[Data items]
(* Let $c_2,c_3$ be constants and $\mu(t)=t^2+c_2t+c_3$. Let $\{P_n\}_{n\ge0}$ be a sequence of monic orthogonal polynomials in the lattice $\mu(t)$ with three-term recurrence relation $\mu(t)P_n=P_{n+1}+\beta_nP_n+\gamma_nP_{n-1}$ ($P_{-1}=0$, $P_0=1$, $\gamma_n\ne0$). Let $L$ be the infinite tridiagonal matrix with $L_{n,n}=\beta_n$, $L_{n,n+1}=1$, $L_{n,n-1}=\gamma_n$, and let $M$ be the infinite tridiagonal matrix with $M_{n,n}=\beta'_n$, $M_{n,n+1}=1$, $M_{n,n-1}=\gamma'_n$, where $\beta'_n,\gamma'_n$ are the three-term recurrence coefficients of the sequence of divided differences, $\mu(t)Q_n=Q_{n+1}+\beta'_nQ_n+\gamma'_nQ_{n-1}$ with $Q_n=P'_{n+1}$. Let $D$ be the infinite matrix with $D_{n+1,n}=n+1$ ($n\ge0$) and all other entries zero. Then $\{P_n\}$ is a sequence of classical orthogonal polynomials on the quadratic lattice $\mu(t)$ if and only if $$L^2D-2LDM+DM^2-\frac12\,(LD+DM)+\Big(c_3+\frac1{16}-\frac{c_2^2}{4}\Big)D=0 .$$
   Context: The divided-difference operator is $\mathbb{D}f(t)=\frac{f(t+1/2)-f(t-1/2)}{\mu(t+1/2)-\mu(t-1/2)}$; it maps polynomials of degree $n$ in $\mu(t)$ to polynomials of degree $n-1$ in $\mu(t)$. A sequence of monic polynomials $\{R_n\}$ in $\mu(t)$ ($\deg R_n=n$) is orthogonal if it satisfies $\mu(t)R_n=R_{n+1}+b_nR_n+c_nR_{n-1}$, $R_{-1}=0$, $R_0=1$, with $c_n\neq0$. Set $P'_n=\frac1n\mathbb{D}P_n$ for $n\ge1$. The sequence $\{P_n\}$ is called classical if $\{P'_n\}_{n\ge1}$ is also a sequence of monic orthogonal polynomials in $\mu(t)$. Indices of infinite matrices start at $0$; products of these banded infinite matrices are well defined. *)

theory Defs
  imports "HOL-Computational_Algebra.Polynomial"
begin

text \<open>A polynomial in the lattice mu(t) = t^2 + c2 t + c3 is represented by a polynomial
  p in one variable x, standing for the function t \<mapsto> p(mu(t)).\<close>

definition mu_poly :: "'a::field_char_0 \<Rightarrow> 'a \<Rightarrow> 'a poly" where
  "mu_poly c2 c3 = [:c3, c2, 1:]"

__WHAT NEEDS TO BE DONE__
Write out exactly the lines of the entries above that run from the line containing "p in one variable" through the last line, including both.

__RESPONSE TO THIS TASK__
  p in one variable x, standing for the function t \<mapsto> p(mu(t)).\<close>

definition mu_poly :: "'a::field_char_0 \<Rightarrow> 'a \<Rightarrow> 'a poly" where
  "mu_poly c2 c3 = [:c3, c2, 1:]"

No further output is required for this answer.